PROBLEM REQUIREMENTS: Please print out every entry below, verbatim.

SUPPLIED ENTRIES:
════════════════════

lemma map_poly_of_real_prod:
  fixes f :: "'b \<Rightarrow> real poly"
  shows "map_poly of_real (\<Prod>i\<in>A. f i) = (\<Prod>i\<in>A. map_poly of_real (f i) :: 'a::{real_algebra_1, comm_ring_1} poly)"
  by (induction A rule: infinite_finite_induct) (simp_all add: map_poly_of_real_mult)

lemma map_poly_of_real_eq_iff:
  "(map_poly of_real p :: 'a::real_algebra_1 poly) = map_poly of_real q \<longleftrightarrow> p = q"
  by (metis coeff_map_poly of_real_0 of_real_eq_iff poly_eqI)

lemma poly_map_poly_of_real:
  "poly (map_poly of_real p) (of_real x) = (of_real (poly p x) :: 'a::{real_algebra_1, comm_ring_1})"
  by (induction p) (simp_all add: map_poly_pCons)

lemma real_poly_eq_smult_prod_linear:
  fixes p :: "real poly"
  assumes "\<And>z. poly (map_poly complex_of_real p) z = 0 \<Longrightarrow> z \<in> \<real>"
  obtains a where "p = smult (lead_coeff p) (\<Prod>i<degree p. [:- a i, 1:])"
proof -
  let ?q = "map_poly complex_of_real p"
  obtain z where z: "smult (lead_coeff ?q) (\<Prod>i<degree ?q. [:- z i, 1:]) = ?q"
    by (rule complex_poly_decompose')
  have deg: "degree ?q = degree p" by (simp add: degree_map_poly)
  have real: "z i = of_real (Re (z i))" if "i < degree p" for i
  proof -
    have "poly (\<Prod>j<degree p. [:- z j, 1:]) (z i) = 0"
      using that by (auto simp: poly_prod)
    then have "poly ?q (z i) = 0" by (subst z[symmetric]) (simp add: deg)
    then show ?thesis using assms by (simp add: complex_is_Real_iff)
  qed
  have "map_poly of_real (\<Prod>i<degree p. [:- Re (z i), 1:]) = (\<Prod>i<degree p. [:- z i, 1:])"
    using real by (auto simp: map_poly_of_real_prod map_poly_pCons intro!: prod.cong)
  then have "map_poly of_real (smult (lead_coeff p) (\<Prod>i<degree p. [:- Re (z i), 1:])) = ?q"
    by (subst z[symmetric]) (simp add: map_poly_smult deg coeff_map_poly)
  then have "p = smult (lead_coeff p) (\<Prod>i<degree p. [:- Re (z i), 1:])"
    by (simp only: map_poly_of_real_eq_iff)
  then show ?thesis by (rule that)
qed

════════════════════

SOLUTION FOR THIS TASK:
lemma map_poly_of_real_prod:
  fixes f :: "'b \<Rightarrow> real poly"
  shows "map_poly of_real (\<Prod>i\<in>A. f i) = (\<Prod>i\<in>A. map_poly of_real (f i) :: 'a::{real_algebra_1, comm_ring_1} poly)"
  by (induction A rule: infinite_finite_induct) (simp_all add: map_poly_of_real_mult)

lemma map_poly_of_real_eq_iff:
  "(map_poly of_real p :: 'a::real_algebra_1 poly) = map_poly of_real q \<longleftrightarrow> p = q"
  by (metis coeff_map_poly of_real_0 of_real_eq_iff poly_eqI)

lemma poly_map_poly_of_real:
  "poly (map_poly of_real p) (of_real x) = (of_real (poly p x) :: 'a::{real_algebra_1, comm_ring_1})"
  by (induction p) (simp_all add: map_poly_pCons)

lemma real_poly_eq_smult_prod_linear:
  fixes p :: "real poly"
  assumes "\<And>z. poly (map_poly complex_of_real p) z = 0 \<Longrightarrow> z \<in> \<real>"
  obtains a where "p = smult (lead_coeff p) (\<Prod>i<degree p. [:- a i, 1:])"
proof -
  let ?q = "map_poly complex_of_real p"
  obtain z where z: "smult (lead_coeff ?q) (\<Prod>i<degree ?q. [:- z i, 1:]) = ?q"
    by (rule complex_poly_decompose')
  have deg: "degree ?q = degree p" by (simp add: degree_map_poly)
  have real: "z i = of_real (Re (z i))" if "i < degree p" for i
  proof -
    have "poly (\<Prod>j<degree p. [:- z j, 1:]) (z i) = 0"
      using that by (auto simp: poly_prod)
    then have "poly ?q (z i) = 0" by (subst z[symmetric]) (simp add: deg)
    then show ?thesis using assms by (simp add: complex_is_Real_iff)
  qed
  have "map_poly of_real (\<Prod>i<degree p. [:- Re (z i), 1:]) = (\<Prod>i<degree p. [:- z i, 1:])"
    using real by (auto simp: map_poly_of_real_prod map_poly_pCons intro!: prod.cong)
  then have "map_poly of_real (smult (lead_coeff p) (\<Prod>i<degree p. [:- Re (z i), 1:])) = ?q"
    by (subst z[symmetric]) (simp add: map_poly_smult deg coeff_map_poly)
  then have "p = smult (lead_coeff p) (\<Prod>i<degree p. [:- Re (z i), 1:])"
    by (simp only: map_poly_of_real_eq_iff)
  then show ?thesis by (rule that)
qed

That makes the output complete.